lemma affine_colouring_less: "affine_colouring e < 4"
proof -
  have "affine_colouring e \<le> 3"
    unfolding affine_colouring_def by (rule Least_le) simp
  then show ?thesis by simp
qed

lemma affine_colouring_doubleton:
  assumes "x < 9" "y < 9" "x \<noteq> y" "i < 4" "affine_line i x = affine_line i y"
  shows "affine_colouring {x, y} = i"
  unfolding affine_colouring_def
proof (rule Least_equality)
  fix j assume j: "j = 3 \<or> (\<forall>u\<in>{x, y}. \<forall>v\<in>{x, y}. affine_line j u = affine_line j v)"
  show "i \<le> j"
  proof (cases "j < 3")
    case True
    then have "j \<noteq> 3" by simp
    with j have "affine_line j x = affine_line j y" by blast
    moreover have "j < 4" using True by simp
    ultimately have "i = j"
      using affine_lines_meet_once[OF assms(1-4) _ assms(5)] by blast
    then show ?thesis by simp
  next
    case False
    with assms(4) show ?thesis by simp
  qed
qed (use assms(5) in auto)

lemma affine_colouring_surjective_on_quadruples:
  assumes "S \<subseteq> {..<9}" "card S = 4"
  shows "affine_colouring ` edges_of S = {..<4}"
proof
  show "affine_colouring ` edges_of S \<subseteq> {..<4}"
    using affine_colouring_less by auto
next
  show "{..<4} \<subseteq> affine_colouring ` edges_of S"
  proof
    fix i :: nat assume "i \<in> {..<4}"
    have "card (affine_line i ` S) \<le> card {..<3::nat}"
      using assms(1) affine_line_less by (intro card_mono) auto
    then have "\<not> inj_on (affine_line i) S"
      using assms(2) card_image[of "affine_line i" S] by auto
    then obtain x y where "x \<in> S" "y \<in> S" "x \<noteq> y" "affine_line i x = affine_line i y"
      unfolding inj_on_def by blast
    moreover have "affine_colouring {x, y} = i"
      using calculation \<open>i \<in> {..<4}\<close> assms(1) by (intro affine_colouring_doubleton) auto
    ultimately show "i \<in> affine_colouring ` edges_of S"
      by (metis doubleton_in_edges_of image_eqI)
  qed
qed
lemma separating_line_triangles:
  assumes nc: "\<not> collinear {p, q, r::point}" and nc': "\<not> collinear {p', q', r'::point}"
    and disj: "interior (convex hull {p, q, r}) \<inter> interior (convex hull {p', q', r'}) = {}"
  obtains n \<beta> where "n \<noteq> 0" "\<forall>x\<in>convex hull {p, q, r}. n \<bullet> x \<le> \<beta>"
    "\<forall>x\<in>convex hull {p', q', r'}. \<beta> \<le> n \<bullet> x"
proof -
  obtain n \<beta> where nb: "n \<noteq> 0" "\<forall>x\<in>interior (convex hull {p, q, r}). n \<bullet> x \<le> \<beta>"
      "\<forall>x\<in>interior (convex hull {p', q', r'}). n \<bullet> x \<ge> \<beta>"
    using separating_hyperplane_sets[OF convex_interior[OF convex_convex_hull]
        convex_interior[OF convex_convex_hull] interior_triangle_nonempty[OF nc]
        interior_triangle_nonempty[OF nc'] disj] by blast
  have "closure (interior (convex hull {p, q, r})) \<subseteq> {x. n \<bullet> x \<le> \<beta>}"
    using nb(2) by (intro closure_minimal) (auto simp: closed_halfspace_le)
  moreover have "closure (interior (convex hull {p', q', r'})) \<subseteq> {x. n \<bullet> x \<ge> \<beta>}"
    using nb(3) by (intro closure_minimal) (auto simp: closed_halfspace_ge)
  ultimately show ?thesis
    using nb(1) that unfolding closure_interior_triangle[OF nc] closure_interior_triangle[OF nc'] by blast
qed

- [Task brief]
Retype the listing from its first line onward, stopping after the line that contains "S) \<le> card" has been retyped in full.

- [Exercise output]
lemma affine_colouring_less: "affine_colouring e < 4"
proof -
  have "affine_colouring e \<le> 3"
    unfolding affine_colouring_def by (rule Least_le) simp
  then show ?thesis by simp
qed

lemma affine_colouring_doubleton:
  assumes "x < 9" "y < 9" "x \<noteq> y" "i < 4" "affine_line i x = affine_line i y"
  shows "affine_colouring {x, y} = i"
  unfolding affine_colouring_def
proof (rule Least_equality)
  fix j assume j: "j = 3 \<or> (\<forall>u\<in>{x, y}. \<forall>v\<in>{x, y}. affine_line j u = affine_line j v)"
  show "i \<le> j"
  proof (cases "j < 3")
    case True
    then have "j \<noteq> 3" by simp
    with j have "affine_line j x = affine_line j y" by blast
    moreover have "j < 4" using True by simp
    ultimately have "i = j"
      using affine_lines_meet_once[OF assms(1-4) _ assms(5)] by blast
    then show ?thesis by simp
  next
    case False
    with assms(4) show ?thesis by simp
  qed
qed (use assms(5) in auto)

lemma affine_colouring_surjective_on_quadruples:
  assumes "S \<subseteq> {..<9}" "card S = 4"
  shows "affine_colouring ` edges_of S = {..<4}"
proof
  show "affine_colouring ` edges_of S \<subseteq> {..<4}"
    using affine_colouring_less by auto
next
  show "{..<4} \<subseteq> affine_colouring ` edges_of S"
  proof
    fix i :: nat assume "i \<in> {..<4}"
    have "card (affine_line i ` S) \<le> card {..<3::nat}"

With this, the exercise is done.